An enormous crowd was on hand, catching both this game and the pair of lacrosse sectional finals taking place a few hundred yards away at Pelcher-Arcaro Stadium.
What they saw, on the diamond, was a B’ville side which weathered a third-inning nightmare that quickly erased an early 1-0 lead.
With two out and two on, Nick Jessen hit a fly ball that got dropped in right field. That was the first of four errors in a matter of minutes that led to six WG runs, half of them racing home on Jacob Klementowski’s bases-clearing double.
The crucial moment in B’ville’s comeback came in the bottom of the third, again with two outs. With a runner on, Aiden Milburn sent a Jessen pitch deep over the left-field fence, right along the foul line. After a discussion, the umpires ruled it was fair, a home run.
Though the Wildcats still led 6-3, the Bees had got to Jessen, considered the Wildcats’ ace, and that confidence would carry over into the bottom of the fourth after WG had tacked on another run to make it 7-3.
A walk and two well-placed grounders loaded the bases with one out without the ball leaving the infield before Kai Girard struck for a two-run single that cut the Wildcats’ lead in half.
Another ground ball made it 7-6, and when Milburn returned to connect on a two-run double, B’ville had the lead for good, but it still wasn’t done, loading the bases again and seeing another run score when Eric Korzeniewski, who relieved Jessen, uncorked a wild pitch.
Just as important as moving out in front was having the Bees’ pitching settle down. Gavin MiIller, in relief of Milburn, tossed a scoreless fifth inning to preserve B’ville’s 9-7 lead.
Then, as Nick Arvantides took his turn on the mound for the last three innings and kept WG’s bats quiet, the Bees settled matters by striking for four more runs in the bottom of the sixth, two of them scoring on Griffin Seeber’s single.
With a seven-team field for the sectional tournament, B’ville was the only team with a bye straight into the semifinals, where it would pull away from no. 4 seed Rome Free Academy to prevail 8-0.
Having gone eight innings to oust Liverpool 1-0 two days earlier, the Black Knights did all it could to hang close with the Bees early after it gave up a first-inning run.
The game was close until the bottom of the fifth, when B’ville knocked out RFA starter Damon Camponaro and plated five runs, then added two more runs in the sixth.

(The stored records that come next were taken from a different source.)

(* Let $\alpha\in\Bbbk$, $f=z(z+\alpha)$, $A=A(f)$. Every degree-$0$ automorphism of the $\mathbb{Z}$-algebra $\overline{A}$ is inner.
   Context: $\Bbbk$ algebraically closed of characteristic $0$; $A=A(f)$ is generated by $\Bbbk[z],x,y$ with $xz=(z+1)x$, $yz=(z-1)y$, $xy=f$, $yx=f(z-1)$, graded by $\deg x=1,\deg y=-1,\deg z=0$. The $\mathbb{Z}$-algebra associated to $A$ is $\overline{A}=\bigoplus_{i,j\in\mathbb{Z}}\overline{A}_{i,j}$ with $\overline{A}_{i,j}=A_{j-i}$, with multiplication $\overline{A}_{i,j}\times\overline{A}_{j,k}\to\overline{A}_{i,k}$ induced by multiplication in $A$ and $\overline{A}_{i,j}\overline{A}_{j',k}=0$ for $j\neq j'$; $1_i\in\overline{A}_{i,i}=A_0$ denotes the unit. A degree-$0$ automorphism is a $\Bbbk$-algebra automorphism $\gamma$ of $\overline{A}$ with $\gamma(\overline{A}_{i,j})=\overline{A}_{i,j}$ and $\gamma(1_i)=1_i$ for all $i,j$. Such $\gamma$ is inner if for all $m,n\in\mathbb{Z}$ there exist $g_m\in\overline{A}_{m,m}$ and $h_n\in\overline{A}_{n,n}$ with $\gamma(w)=g_mwh_n$ for all $w\in\overline{A}_{m,n}$. *)

theory Defs
  imports "HOL-Computational_Algebra.Polynomial"
begin

text \<open>Generalized Weyl algebra A(f) over k[z]: the homogeneous component A_d is a free
left k[z]-module with basis x^d (d \<ge> 0) resp. y^(-d) (d < 0).  An element a(z) x^d
(convention x^(-k) = y^k) is represented by its coefficient polynomial a.\<close>

text \<open>The automorphism sigma^n of k[z]: b(z) \<mapsto> b(z+n); one has x b = sigma(b) x, y b = sigma^(-1)(b) y.\<close>
definition sh :: "int \<Rightarrow> 'k::comm_ring_1 poly \<Rightarrow> 'k poly" where
  "sh n p = pcompose p [:of_int n, 1:]"

text \<open>xx f d e is the polynomial c with x^d x^e = c x^(d+e) in A(f).\<close>
definition xx :: "'k::comm_ring_1 poly \<Rightarrow> int \<Rightarrow> int \<Rightarrow> 'k poly" where
  "xx f d e =
     (if d > 0 \<and> e < 0 then
        (let t = min d (- e) in sh (d - t) (\<Prod>i<nat t. sh (int i) f))
      else if d < 0 \<and> e > 0 then
        (let t = min (- d) e in sh (d + t) (\<Prod>i\<in>{1..nat t}. sh (- int i) f))
      else 1)"

text \<open>Multiplication A_d \<times> A_e \<rightarrow> A_(d+e): (a x^d)(b x^e) = a sigma^d(b) (x^d x^e).\<close>
definition gwa_mul :: "'k::comm_ring_1 poly \<Rightarrow> int \<Rightarrow> int \<Rightarrow> 'k poly \<Rightarrow> 'k poly \<Rightarrow> 'k poly" where
  "gwa_mul f d e a b = a * sh d b * xx f d e"

definition gwa_f :: "'k::comm_ring_1 \<Rightarrow> 'k poly" where
  "gwa_f \<alpha> = [:0, 1:] * [:\<alpha>, 1:]"

text \<open>A degree-0 automorphism of the Z-algebra Abar, given by its components
gamma i j : Abar_(i,j) = A_(j-i) \<rightarrow> Abar_(i,j).\<close>
definition degree_zero_aut :: "'k::field poly \<Rightarrow> (int \<Rightarrow> int \<Rightarrow> 'k poly \<Rightarrow> 'k poly) \<Rightarrow> bool" where
  "degree_zero_aut f \<gamma> \<longleftrightarrow>
     (\<forall>i j. bij (\<gamma> i j)) \<and>
     (\<forall>i j a b. \<gamma> i j (a + b) = \<gamma> i j a + \<gamma> i j b) \<and>
     (\<forall>i j c a. \<gamma> i j (smult c a) = smult c (\<gamma> i j a)) \<and>
     (\<forall>i j k a b. \<gamma> i k (gwa_mul f (j - i) (k - j) a b)
                   = gwa_mul f (j - i) (k - j) (\<gamma> i j a) (\<gamma> j k b)) \<and>
     (\<forall>i. \<gamma> i i 1 = 1)"

definition inner_aut :: "'k::field poly \<Rightarrow> (int \<Rightarrow> int \<Rightarrow> 'k poly \<Rightarrow> 'k poly) \<Rightarrow> bool" where
  "inner_aut f \<gamma> \<longleftrightarrow>
     (\<exists>g h :: int \<Rightarrow> 'k poly. \<forall>m n w.
        \<gamma> m n w = gwa_mul f (n - m) 0 (gwa_mul f 0 (n - m) (g m) w) (h n))"

end

theory Submission
  imports Defs
begin

text \<open>The diagonal components \<gamma>_ii are k-algebra automorphisms of k[z], hence substitutions
z \<mapsto> p.  Since \<gamma>_{i,i+1}(1) and \<gamma>_{i+1,i}(1) are units, i.e. nonzero constants, \<gamma>_ii fixes
xy = f and yx = f(z-1) up to scalars; for f = z(z+\<alpha>) this forces p = z.  So every \<gamma>_ij is
multiplication by a constant c_ij, and comparing \<gamma> on products gives the cocycle rule
c_ik = c_ij c_jk, whence \<gamma>(w) = c_m0 w c_0n on A_mn.\<close>

lemma sh_0 [simp]: "sh 0 p = p"
  by (simp add: sh_def)

lemma sh_const [simp]: "sh n [:c:] = [:c:]"
  by (simp add: sh_def)

lemma sh_eq_0_iff [simp]: "sh n p = 0 \<longleftrightarrow> p = (0 :: 'k::field poly)"
  by (simp add: sh_def pcompose_eq_0_iff)

lemma sh_1 [simp]: "sh n 1 = 1"
  by (simp add: sh_def pcompose_1)

lemma xx_nonzero: "(f :: 'k::field poly) \<noteq> 0 \<Longrightarrow> xx f d e \<noteq> 0"
  by (auto simp: xx_def Let_def prod_zero_iff)

lemma xx_0_left [simp]: "xx f 0 e = 1"
  and xx_0_right [simp]: "xx f d 0 = 1"
  by (simp_all add: xx_def)

lemma xx_1_minus_1: "xx f 1 (-1) = f"
  by (simp add: xx_def)

lemma xx_minus_1_1: "xx f (-1) 1 = sh (-1) f"
  by (simp add: xx_def)

lemma gwa_mul_0 [simp]: "gwa_mul f 0 e a b = a * b"
  by (simp add: gwa_mul_def)

lemma gwa_mul_0_right [simp]: "gwa_mul f d 0 a b = a * sh d b"
  by (simp add: gwa_mul_def)

lemma gwa_f_nonzero: "gwa_f \<alpha> \<noteq> 0"
  by (simp add: gwa_f_def)

lemma sh_minus_1_gwa_f: "sh (-1) (gwa_f (\<alpha>::'k::field)) = [:-1, 1:] * [:\<alpha> - 1, 1:]"
  by (simp add: sh_def gwa_f_def pcompose_mult pcompose_pCons algebra_simps)

lemma pcompose_rescaling_gwa_f_eq_z:
  fixes p :: "'k::field_char_0 poly"
  assumes f: "pcompose (gwa_f \<alpha>) p = smult c (gwa_f \<alpha>)" and "c \<noteq> 0"
    and sh_f: "pcompose (sh (-1) (gwa_f \<alpha>)) p = smult d (sh (-1) (gwa_f \<alpha>))"
  shows "p = [:0, 1:]"
proof -
  have "degree (gwa_f \<alpha>) = 2" by (simp add: gwa_f_def)
  then have "2 * degree p = 2"
    using arg_cong[OF f, of degree] \<open>c \<noteq> 0\<close> by (simp add: degree_pcompose)
  then have "degree p = 1" by simp
  then obtain a b where p: "p = [:b, a:]" and "a \<noteq> 0"
    by (cases p) (auto split: if_splits elim!: degree_eq_zeroE)
  have "coeff (pcompose (gwa_f \<alpha>) p) 2 = coeff (smult c (gwa_f \<alpha>)) 2"
       "coeff (pcompose (gwa_f \<alpha>) p) 1 = coeff (smult c (gwa_f \<alpha>)) 1"
       "coeff (pcompose (sh (-1) (gwa_f \<alpha>)) p) 2 = coeff (smult d (sh (-1) (gwa_f \<alpha>))) 2"
       "coeff (pcompose (sh (-1) (gwa_f \<alpha>)) p) 1 = coeff (smult d (sh (-1) (gwa_f \<alpha>))) 1"
    using f sh_f by simp_all
  then have "a * a = c" "a * (2 * b + \<alpha>) = c * \<alpha>"
    "a * a = d" "a * (2 * b + \<alpha> - 2) = d * (\<alpha> - 2)"
    unfolding sh_minus_1_gwa_f p
    by (simp_all add: gwa_f_def pcompose_mult pcompose_pCons algebra_simps numeral_2_eq_2)
  with \<open>a \<noteq> 0\<close> have "2 * b + \<alpha> = a * \<alpha>" "2 * b + \<alpha> - 2 = a * (\<alpha> - 2)"
    by (metis mult.assoc mult_left_cancel)+
  then have "a = 1" "b = 0" by (simp_all add: algebra_simps)
  with p show ?thesis by simp
qed

locale gwa_degree_zero_aut =
  fixes f :: "'k::field poly" and \<gamma> :: "int \<Rightarrow> int \<Rightarrow> 'k poly \<Rightarrow> 'k poly"
  assumes aut: "degree_zero_aut f \<gamma>"
begin

lemma bij: "bij (\<gamma> i j)"
  and add: "\<gamma> i j (a + b) = \<gamma> i j a + \<gamma> i j b"
  and smult: "\<gamma> i j (smult c a) = smult c (\<gamma> i j a)"
  and mul: "\<gamma> i k (gwa_mul f (j - i) (k - j) a b) = gwa_mul f (j - i) (k - j) (\<gamma> i j a) (\<gamma> j k b)"
  and one: "\<gamma> i i 1 = 1"
  using aut unfolding degree_zero_aut_def by blast+

lemma zero: "\<gamma> i j 0 = 0"
  using add[of i j 0 0] by (metis add.right_neutral add_left_cancel)

lemma diag_mult: "\<gamma> i i (a * b) = \<gamma> i i a * \<gamma> i i b"
  using mul[of i i i a b] by simp

lemma eq_diag_mult_one: "\<gamma> i j a = \<gamma> i i a * \<gamma> i j 1"
  using mul[of i j i a 1] by simp

lemma one_eq_const: obtains c where "c \<noteq> 0" "\<gamma> i j 1 = [:c:]"
proof -
  obtain a where "\<gamma> i j a = 1"
    using bij[of i j] by (metis bij_is_surj surjD)
  then have unit: "\<gamma> i i a * \<gamma> i j 1 = 1"
    by (metis eq_diag_mult_one)
  then have "degree (\<gamma> i j 1) = 0"
    by (metis add_is_0 degree_1 degree_mult_eq mult_eq_0_iff one_neq_zero)
  with unit show ?thesis
    by (metis degree_eq_zeroE mult_zero_right pCons_0_0 that zero_neq_one)
qed

lemma diag_eq_pcompose: "\<gamma> i i q = pcompose q (\<gamma> i i [:0, 1:])"
proof (induction q)
  case 0
  show ?case by (simp add: zero)
next
  case (pCons a q)
  have "pCons a q = smult a 1 + [:0, 1:] * q" by simp
  then have "\<gamma> i i (pCons a q) = smult a (\<gamma> i i 1) + \<gamma> i i [:0, 1:] * \<gamma> i i q"
    by (simp only: add smult diag_mult)
  with pCons.IH show ?case by (simp add: one pcompose_pCons)
qed

lemma diag_f_eq_smult: obtains c where "c \<noteq> 0" "\<gamma> i i f = smult c f"
proof -
  obtain c c' where "c \<noteq> 0" "\<gamma> i (i + 1) 1 = [:c:]" "c' \<noteq> 0" "\<gamma> (i + 1) i 1 = [:c':]"
    using one_eq_const by metis
  with mul[of i i "i + 1" 1 1] show ?thesis
    by (intro that[of "c * c'"]) (simp_all add: gwa_mul_def xx_1_minus_1 mult.commute)
qed

lemma diag_sh_f_eq_smult: obtains c where "c \<noteq> 0" "\<gamma> i i (sh (-1) f) = smult c (sh (-1) f)"
proof -
  obtain c c' where "c \<noteq> 0" "\<gamma> i (i - 1) 1 = [:c:]" "c' \<noteq> 0" "\<gamma> (i - 1) i 1 = [:c':]"
    using one_eq_const by metis
  with mul[of i i "i - 1" 1 1] show ?thesis
    by (intro that[of "c * c'"]) (simp_all add: gwa_mul_def xx_minus_1_1 mult.commute)
qed

context
  assumes diag_z: "\<And>i. \<gamma> i i [:0, 1:] = [:0, 1:]"
begin

lemma eq_mult_one: "\<gamma> i j w = w * \<gamma> i j 1"
  using eq_diag_mult_one[of i j w] diag_eq_pcompose[of i w] diag_z by simp

lemma one_cocycle:
  assumes "f \<noteq> 0"
  shows "\<gamma> i k 1 = \<gamma> i j 1 * \<gamma> j k 1"
proof -
  let ?x = "xx f (j - i) (k - j)"
  obtain c where c: "\<gamma> j k 1 = [:c:]" using one_eq_const by blast
  have "?x * \<gamma> i k 1 = \<gamma> i k ?x"
    by (rule eq_mult_one[symmetric])
  also have "\<dots> = ?x * (\<gamma> i j 1 * \<gamma> j k 1)"
    using mul[of i k j 1 1] c by (simp add: gwa_mul_def ac_simps)
  finally show ?thesis using xx_nonzero[OF assms] by simp
qed

lemma inner_autI:
  assumes "f \<noteq> 0"
  shows "inner_aut f \<gamma>"
  unfolding inner_aut_def
proof (intro exI allI)
  fix m n w
  obtain c where "\<gamma> 0 n 1 = [:c:]" using one_eq_const by blast
  then show "\<gamma> m n w = gwa_mul f (n - m) 0 (gwa_mul f 0 (n - m) (\<gamma> m 0 1) w) (\<gamma> 0 n 1)"
    using eq_mult_one[of m n w] one_cocycle[OF assms, of m n 0] by (simp add: ac_simps)
qed

end

end

theorem lemma5p1:
  fixes \<alpha> :: "'k::field_char_0"
    and \<gamma> :: "int \<Rightarrow> int \<Rightarrow> 'k poly \<Rightarrow> 'k poly"
  assumes alg_closed: "\<forall>p :: 'k poly. degree p > 0 \<longrightarrow> (\<exists>c. poly p c = 0)"
    and aut: "degree_zero_aut (gwa_f \<alpha>) \<gamma>"
  shows "inner_aut (gwa_f \<alpha>) \<gamma>"
proof -
  interpret gwa_degree_zero_aut "gwa_f \<alpha>" \<gamma> by (rule gwa_degree_zero_aut.intro) (fact aut)
  have "\<gamma> i i [:0, 1:] = [:0, 1:]" for i
  proof -
    obtain c where "c \<noteq> 0" "\<gamma> i i (gwa_f \<alpha>) = smult c (gwa_f \<alpha>)"
      by (rule diag_f_eq_smult)
    moreover obtain d where "\<gamma> i i (sh (-1) (gwa_f \<alpha>)) = smult d (sh (-1) (gwa_f \<alpha>))"
      by (rule diag_sh_f_eq_smult)
    ultimately show ?thesis
      by (intro pcompose_rescaling_gwa_f_eq_z[of \<alpha> _ c d]) (simp_all add: diag_eq_pcompose[symmetric])
  qed
  then show ?thesis using inner_autI gwa_f_nonzero by blast
qed

end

Arvantides, Girard and Perry Chetney had two hits apiece, with Milburn and Matt Carner each scoring twice to match Arvantides.
Meanwhile, pitcher Chris AuClair tossed a complete-game shutout, allowing three hits and two walks while striking out nine. More importantly, his work allowed the rest of the Bees’ pitchers to rest before the final – where they would struggle at first, but flourish at the end and bring a championship home to B’ville.